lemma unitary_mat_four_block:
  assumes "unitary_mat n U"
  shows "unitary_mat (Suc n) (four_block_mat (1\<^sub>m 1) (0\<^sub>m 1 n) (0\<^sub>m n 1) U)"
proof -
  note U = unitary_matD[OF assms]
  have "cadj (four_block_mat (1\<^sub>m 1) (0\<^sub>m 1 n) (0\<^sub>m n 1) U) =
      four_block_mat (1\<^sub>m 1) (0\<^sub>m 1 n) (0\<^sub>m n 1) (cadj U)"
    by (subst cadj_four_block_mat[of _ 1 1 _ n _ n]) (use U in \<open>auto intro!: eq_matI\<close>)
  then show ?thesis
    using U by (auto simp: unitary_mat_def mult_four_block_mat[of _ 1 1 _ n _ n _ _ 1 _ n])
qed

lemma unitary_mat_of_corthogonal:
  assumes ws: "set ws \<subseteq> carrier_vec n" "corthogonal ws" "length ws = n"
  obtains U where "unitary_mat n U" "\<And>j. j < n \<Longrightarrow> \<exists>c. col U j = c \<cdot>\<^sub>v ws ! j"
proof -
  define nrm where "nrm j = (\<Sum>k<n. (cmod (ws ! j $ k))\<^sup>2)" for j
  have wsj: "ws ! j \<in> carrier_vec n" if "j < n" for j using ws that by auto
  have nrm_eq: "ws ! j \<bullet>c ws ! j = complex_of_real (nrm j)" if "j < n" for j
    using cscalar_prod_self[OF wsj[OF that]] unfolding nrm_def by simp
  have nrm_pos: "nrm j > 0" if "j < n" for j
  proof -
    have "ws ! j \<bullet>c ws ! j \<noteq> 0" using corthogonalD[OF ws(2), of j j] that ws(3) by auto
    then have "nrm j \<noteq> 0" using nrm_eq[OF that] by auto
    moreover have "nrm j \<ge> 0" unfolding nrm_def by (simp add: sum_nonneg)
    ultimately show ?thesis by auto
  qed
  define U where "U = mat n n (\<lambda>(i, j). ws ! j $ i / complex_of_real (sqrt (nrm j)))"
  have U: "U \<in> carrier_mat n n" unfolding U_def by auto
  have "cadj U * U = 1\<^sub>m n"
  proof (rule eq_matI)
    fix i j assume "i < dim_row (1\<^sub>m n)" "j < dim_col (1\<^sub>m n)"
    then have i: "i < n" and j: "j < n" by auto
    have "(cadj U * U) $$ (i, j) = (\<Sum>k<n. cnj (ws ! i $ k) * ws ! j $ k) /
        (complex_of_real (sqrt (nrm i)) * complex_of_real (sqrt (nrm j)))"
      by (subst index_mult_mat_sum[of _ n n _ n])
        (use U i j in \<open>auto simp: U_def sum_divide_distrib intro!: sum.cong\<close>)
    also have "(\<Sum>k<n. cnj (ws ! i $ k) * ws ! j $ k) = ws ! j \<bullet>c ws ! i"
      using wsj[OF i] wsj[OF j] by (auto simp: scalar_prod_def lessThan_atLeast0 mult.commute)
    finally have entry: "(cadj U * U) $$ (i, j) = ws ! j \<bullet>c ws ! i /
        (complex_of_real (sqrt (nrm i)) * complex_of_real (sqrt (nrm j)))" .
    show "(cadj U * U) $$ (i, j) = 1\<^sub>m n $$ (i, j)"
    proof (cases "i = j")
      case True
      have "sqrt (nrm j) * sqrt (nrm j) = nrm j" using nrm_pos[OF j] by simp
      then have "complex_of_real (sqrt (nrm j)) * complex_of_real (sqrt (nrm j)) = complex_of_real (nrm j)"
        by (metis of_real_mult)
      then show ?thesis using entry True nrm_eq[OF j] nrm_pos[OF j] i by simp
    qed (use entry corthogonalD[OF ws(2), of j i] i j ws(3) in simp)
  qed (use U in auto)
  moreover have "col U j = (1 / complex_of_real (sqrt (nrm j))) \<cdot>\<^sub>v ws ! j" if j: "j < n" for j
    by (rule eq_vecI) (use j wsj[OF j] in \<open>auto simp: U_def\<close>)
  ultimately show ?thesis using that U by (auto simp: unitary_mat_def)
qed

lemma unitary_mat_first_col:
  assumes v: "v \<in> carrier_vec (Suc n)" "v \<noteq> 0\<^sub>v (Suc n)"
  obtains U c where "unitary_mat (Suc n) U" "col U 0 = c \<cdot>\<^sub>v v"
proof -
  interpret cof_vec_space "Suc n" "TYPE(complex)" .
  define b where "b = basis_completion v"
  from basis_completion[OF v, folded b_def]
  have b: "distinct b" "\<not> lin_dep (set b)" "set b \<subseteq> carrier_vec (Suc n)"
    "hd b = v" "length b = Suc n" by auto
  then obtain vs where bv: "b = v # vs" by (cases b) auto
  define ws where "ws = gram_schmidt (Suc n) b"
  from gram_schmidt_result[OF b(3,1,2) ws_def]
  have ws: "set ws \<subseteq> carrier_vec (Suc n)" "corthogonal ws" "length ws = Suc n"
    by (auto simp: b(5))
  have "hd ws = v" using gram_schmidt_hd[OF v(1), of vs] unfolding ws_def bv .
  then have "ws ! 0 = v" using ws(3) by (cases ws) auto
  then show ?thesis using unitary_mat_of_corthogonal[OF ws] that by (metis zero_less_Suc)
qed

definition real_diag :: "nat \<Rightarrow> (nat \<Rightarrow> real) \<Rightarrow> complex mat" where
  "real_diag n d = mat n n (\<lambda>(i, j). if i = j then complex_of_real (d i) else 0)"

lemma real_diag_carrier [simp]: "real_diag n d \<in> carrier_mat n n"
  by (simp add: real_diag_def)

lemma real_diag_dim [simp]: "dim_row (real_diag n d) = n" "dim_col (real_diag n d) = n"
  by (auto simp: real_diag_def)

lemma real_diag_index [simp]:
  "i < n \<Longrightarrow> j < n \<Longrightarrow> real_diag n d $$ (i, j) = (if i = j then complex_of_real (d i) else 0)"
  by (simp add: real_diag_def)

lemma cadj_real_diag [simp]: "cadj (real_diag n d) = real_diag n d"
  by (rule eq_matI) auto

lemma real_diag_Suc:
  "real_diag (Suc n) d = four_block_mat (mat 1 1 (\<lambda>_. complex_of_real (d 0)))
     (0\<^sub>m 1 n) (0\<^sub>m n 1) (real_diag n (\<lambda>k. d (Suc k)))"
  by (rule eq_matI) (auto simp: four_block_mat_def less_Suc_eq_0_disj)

※

Task instructions: Write out the data exactly as it stands.

Solution:
lemma unitary_mat_four_block:
  assumes "unitary_mat n U"
  shows "unitary_mat (Suc n) (four_block_mat (1\<^sub>m 1) (0\<^sub>m 1 n) (0\<^sub>m n 1) U)"
proof -
  note U = unitary_matD[OF assms]
  have "cadj (four_block_mat (1\<^sub>m 1) (0\<^sub>m 1 n) (0\<^sub>m n 1) U) =
      four_block_mat (1\<^sub>m 1) (0\<^sub>m 1 n) (0\<^sub>m n 1) (cadj U)"
    by (subst cadj_four_block_mat[of _ 1 1 _ n _ n]) (use U in \<open>auto intro!: eq_matI\<close>)
  then show ?thesis
    using U by (auto simp: unitary_mat_def mult_four_block_mat[of _ 1 1 _ n _ n _ _ 1 _ n])
qed

lemma unitary_mat_of_corthogonal:
  assumes ws: "set ws \<subseteq> carrier_vec n" "corthogonal ws" "length ws = n"
  obtains U where "unitary_mat n U" "\<And>j. j < n \<Longrightarrow> \<exists>c. col U j = c \<cdot>\<^sub>v ws ! j"
proof -
  define nrm where "nrm j = (\<Sum>k<n. (cmod (ws ! j $ k))\<^sup>2)" for j
  have wsj: "ws ! j \<in> carrier_vec n" if "j < n" for j using ws that by auto
  have nrm_eq: "ws ! j \<bullet>c ws ! j = complex_of_real (nrm j)" if "j < n" for j
    using cscalar_prod_self[OF wsj[OF that]] unfolding nrm_def by simp
  have nrm_pos: "nrm j > 0" if "j < n" for j
  proof -
    have "ws ! j \<bullet>c ws ! j \<noteq> 0" using corthogonalD[OF ws(2), of j j] that ws(3) by auto
    then have "nrm j \<noteq> 0" using nrm_eq[OF that] by auto
    moreover have "nrm j \<ge> 0" unfolding nrm_def by (simp add: sum_nonneg)
    ultimately show ?thesis by auto
  qed
  define U where "U = mat n n (\<lambda>(i, j). ws ! j $ i / complex_of_real (sqrt (nrm j)))"
  have U: "U \<in> carrier_mat n n" unfolding U_def by auto
  have "cadj U * U = 1\<^sub>m n"
  proof (rule eq_matI)
    fix i j assume "i < dim_row (1\<^sub>m n)" "j < dim_col (1\<^sub>m n)"
    then have i: "i < n" and j: "j < n" by auto
    have "(cadj U * U) $$ (i, j) = (\<Sum>k<n. cnj (ws ! i $ k) * ws ! j $ k) /
        (complex_of_real (sqrt (nrm i)) * complex_of_real (sqrt (nrm j)))"
      by (subst index_mult_mat_sum[of _ n n _ n])
        (use U i j in \<open>auto simp: U_def sum_divide_distrib intro!: sum.cong\<close>)
    also have "(\<Sum>k<n. cnj (ws ! i $ k) * ws ! j $ k) = ws ! j \<bullet>c ws ! i"
      using wsj[OF i] wsj[OF j] by (auto simp: scalar_prod_def lessThan_atLeast0 mult.commute)
    finally have entry: "(cadj U * U) $$ (i, j) = ws ! j \<bullet>c ws ! i /
        (complex_of_real (sqrt (nrm i)) * complex_of_real (sqrt (nrm j)))" .
    show "(cadj U * U) $$ (i, j) = 1\<^sub>m n $$ (i, j)"
    proof (cases "i = j")
      case True
      have "sqrt (nrm j) * sqrt (nrm j) = nrm j" using nrm_pos[OF j] by simp
      then have "complex_of_real (sqrt (nrm j)) * complex_of_real (sqrt (nrm j)) = complex_of_real (nrm j)"
        by (metis of_real_mult)
      then show ?thesis using entry True nrm_eq[OF j] nrm_pos[OF j] i by simp
    qed (use entry corthogonalD[OF ws(2), of j i] i j ws(3) in simp)
  qed (use U in auto)
  moreover have "col U j = (1 / complex_of_real (sqrt (nrm j))) \<cdot>\<^sub>v ws ! j" if j: "j < n" for j
    by (rule eq_vecI) (use j wsj[OF j] in \<open>auto simp: U_def\<close>)
  ultimately show ?thesis using that U by (auto simp: unitary_mat_def)
qed

lemma unitary_mat_first_col:
  assumes v: "v \<in> carrier_vec (Suc n)" "v \<noteq> 0\<^sub>v (Suc n)"
  obtains U c where "unitary_mat (Suc n) U" "col U 0 = c \<cdot>\<^sub>v v"
proof -
  interpret cof_vec_space "Suc n" "TYPE(complex)" .
  define b where "b = basis_completion v"
  from basis_completion[OF v, folded b_def]
  have b: "distinct b" "\<not> lin_dep (set b)" "set b \<subseteq> carrier_vec (Suc n)"
    "hd b = v" "length b = Suc n" by auto
  then obtain vs where bv: "b = v # vs" by (cases b) auto
  define ws where "ws = gram_schmidt (Suc n) b"
  from gram_schmidt_result[OF b(3,1,2) ws_def]
  have ws: "set ws \<subseteq> carrier_vec (Suc n)" "corthogonal ws" "length ws = Suc n"
    by (auto simp: b(5))
  have "hd ws = v" using gram_schmidt_hd[OF v(1), of vs] unfolding ws_def bv .
  then have "ws ! 0 = v" using ws(3) by (cases ws) auto
  then show ?thesis using unitary_mat_of_corthogonal[OF ws] that by (metis zero_less_Suc)
qed

definition real_diag :: "nat \<Rightarrow> (nat \<Rightarrow> real) \<Rightarrow> complex mat" where
  "real_diag n d = mat n n (\<lambda>(i, j). if i = j then complex_of_real (d i) else 0)"

lemma real_diag_carrier [simp]: "real_diag n d \<in> carrier_mat n n"
  by (simp add: real_diag_def)

lemma real_diag_dim [simp]: "dim_row (real_diag n d) = n" "dim_col (real_diag n d) = n"
  by (auto simp: real_diag_def)

lemma real_diag_index [simp]:
  "i < n \<Longrightarrow> j < n \<Longrightarrow> real_diag n d $$ (i, j) = (if i = j then complex_of_real (d i) else 0)"
  by (simp add: real_diag_def)

lemma cadj_real_diag [simp]: "cadj (real_diag n d) = real_diag n d"
  by (rule eq_matI) auto

lemma real_diag_Suc:
  "real_diag (Suc n) d = four_block_mat (mat 1 1 (\<lambda>_. complex_of_real (d 0)))
     (0\<^sub>m 1 n) (0\<^sub>m n 1) (real_diag n (\<lambda>k. d (Suc k)))"
  by (rule eq_matI) (auto simp: four_block_mat_def less_Suc_eq_0_disj)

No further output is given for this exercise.